Typical Calibration Requirements For 360° Camera View

Shown is the 360 Camera on a 2015 Ford Explorer.

Technicians should be aware of what’s required to keep advanced driver assistance systems (ADAS) running safely after a collision. Whether that be aiming a camera, which can cause a system to not function as intended, or checking for diagnostic trouble codes (DTCs). For a basic understanding of what’s required, we’ve put together a series of articles that provide general information on what’s required to repair the system after a collision. Let’s take a look at 360° Camera View systems.

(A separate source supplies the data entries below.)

text \<open>\<open>[N]\<^sub>y = 0\<close> when \<open>1 < N = ord y < \<infinity>\<close>, so a nonzero \<open>[k]\<^sub>y!\<close> forces \<open>k < N\<close>.\<close>

lemma q_fact_neq_0_imp_less_Nbound:
  fixes y :: "'a::field"
  assumes nonzero: "q_fact y k \<noteq> 0"
  shows "enat k < Nbound y"
proof (rule ccontr)
  assume not_less: "\<not> enat k < Nbound y"
  then have bounded: "1 < ordr y \<and> ordr y < \<infinity>" by (auto simp: Nbound_def split: if_splits)
  then obtain N where N: "ordr y = enat N" by (cases "ordr y") auto
  have N_gt_1: "1 < N" using bounded N by (simp add: one_enat_def)
  have N_le: "N \<le> k" using not_less N bounded by (simp add: Nbound_def)
  note ord = ordr_eq_enatD[OF N]
  have "y \<noteq> 1" using ord(3)[of 1] N_gt_1 by auto
  then have "q_int y N = 0" using ord(2) by (simp add: q_int_def sum_gp_strict)
  moreover have "N \<in> {1..k}" using N_gt_1 N_le by simp
  ultimately have "q_fact y k = 0" unfolding q_fact_def by (intro prod_zero) auto
  then show False using nonzero by simp
qed

section \<open>The spanning set modulo the Nichols ideal\<close>

lemma symmetrizer_tadd:
  "symmetrizer q n (tadd f g) = (\<lambda>v. symmetrizer q n f v + symmetrizer q n g v)"
  by (simp add: symmetrizer_def tadd_def distrib_right sum.distrib)

lemma symmetrizer_tsmult: "symmetrizer q n (tsmult c f) = (\<lambda>v. c * symmetrizer q n f v)"
  by (simp add: symmetrizer_def tsmult_def sum_distrib_left mult.assoc)

lemma nichols_ideal_tadd: "f \<in> nichols_ideal q \<Longrightarrow> g \<in> nichols_ideal q \<Longrightarrow> tadd f g \<in> nichols_ideal q"
  by (auto simp: nichols_ideal_def tensor_alg_tadd symmetrizer_tadd tzero_def)

lemma nichols_ideal_tsmult: "f \<in> nichols_ideal q \<Longrightarrow> tsmult c f \<in> nichols_ideal q"
  by (auto simp: nichols_ideal_def tensor_alg_tsmult symmetrizer_tsmult tzero_def)

lemma tzero_in_nichols_ideal: "tzero \<in> nichols_ideal q"
  by (simp add: nichols_ideal_def tensor_alg_def symmetrizer_def tzero_def)

abbreviation sorted_mono :: "nat \<Rightarrow> nat \<Rightarrow> 'a::field tens" where
  "sorted_mono a b \<equiv> mono (replicate a 2 @ replicate b 1)"

lemma inversions_replicate: "inversions (replicate n c) = 0"
  by (induction n) (auto simp: count_list_0_iff)

lemma count_list_replicate: "count_list (replicate n x) y = (if x = y then n else 0)"
  by (induction n) auto

lemma qplane_monomial_sorted_mono: "qplane_monomial q (sorted_mono a b) a b 1"
proof -
  have "replicate a 2 @ replicate b 1 \<in> words_bideg a' b' \<longleftrightarrow> a' = a \<and> b' = b" for a' b'
    by (auto simp: words_bideg_def letters_def count_list_replicate)
  then show ?thesis
    by (simp add: qplane_monomial_def qplane_coef_mono inversions_append inversions_replicate)
qed

lemma sorted_mono_in_qls_spanning_set:
  fixes q :: "nat \<Rightarrow> nat \<Rightarrow> 'a::field"
  assumes lie: "lie_bideg (q 1 2) a b" and nonzero: "bideg_qfact q a b \<noteq> 0"
  shows "sorted_mono a b \<in> qls_spanning_set q"
proof -
  have bounds: "enat a < Nbound (q 2 2)" "enat b < Nbound (q 1 1)"
    using nonzero by (auto simp: bideg_qfact_def intro!: q_fact_neq_0_imp_less_Nbound)
  consider "a = 1" "b = 0" | "a = 0" "b = 1" | "1 \<le> a" "1 \<le> b" "\<not> (q 1 2 ^ a = 1 \<and> q 1 2 ^ b = 1)"
    using lie unfolding lie_bideg_def by blast
  then show ?thesis
  proof cases
    case 3
    then have "\<not> ord_dvd (q 1 2) a \<or> \<not> ord_dvd (q 1 2) b"
      using ord_dvd_iff_power_eq_1[of a "q 1 2"] ord_dvd_iff_power_eq_1[of b "q 1 2"] by auto
    then show ?thesis using 3 bounds unfolding qls_spanning_set_def by blast
  qed (simp_all add: qls_spanning_set_def gen_def)
qed

lemma qls_spanning_set_subset_tensor_alg: "qls_spanning_set q \<subseteq> tensor_alg"
  by (auto simp: qls_spanning_set_def gen_def letters_def intro!: tensor_alg_mono)

lemma finite_qplane_coef_support:
  assumes "f \<in> tensor_alg"
  shows "finite {(a, b). qplane_coef q f a b \<noteq> 0}"
proof -
  have "{(a, b). qplane_coef q f a b \<noteq> 0} \<subseteq> (\<lambda>w. (count_list w 2, count_list w 1)) ` {w. f w \<noteq> 0}"
  proof clarify
    fix a b assume nonzero: "qplane_coef q f a b \<noteq> 0"
    have "\<exists>w\<in>words_bideg a b. f w \<noteq> 0"
    proof (rule ccontr)
      assume "\<not> ?thesis"
      then have "qplane_coef q f a b = 0" unfolding qplane_coef_def by (intro sum.neutral) auto
      with nonzero show False by simp
    qed
    then show "(a, b) \<in> (\<lambda>w. (count_list w 2, count_list w 1)) ` {w. f w \<noteq> 0}"
      by (auto simp: words_bideg_def)
  qed
  moreover have "finite {w. f w \<noteq> 0}" using assms by (simp add: tensor_alg_def)
  ultimately show ?thesis using finite_subset by blast
qed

The 360° Camera View shows a bird’s-eye view of the vehicles surroundings. This system will utilize multiple cameras in different locations around the vehicle. Cameras can be found in the front bumper/grille, under the side rearview mirrors, and in the deck lid/liftgate/tailgate. Calibration of all of the cameras is normally required after the replacement of any of the cameras. However, some OEMs require calibration when a side mirror is removed, bumper cover is removed, or when a door is removed.

The calibration process is normally a static calibration (in-shop procedure). Large mats are placed on the ground around the vehicle, then a scan tool starts an aiming procedure. Another method for calibration is dynamic calibration (on-road procedure). The aiming procedure is initialized and then the vehicle is driven slowly down the road under certain conditions.

Being informed on these systems is important to a complete, safe, and quality repair. Many consumers are purchasing a certain vehicle specifically for these driver assistance features. The consumer knows the system is on their vehicle and they are relying on it to help keep them safe. Therefore, technicians also need to be aware when driver assistance systems exist and have the knowledge to properly repair the system.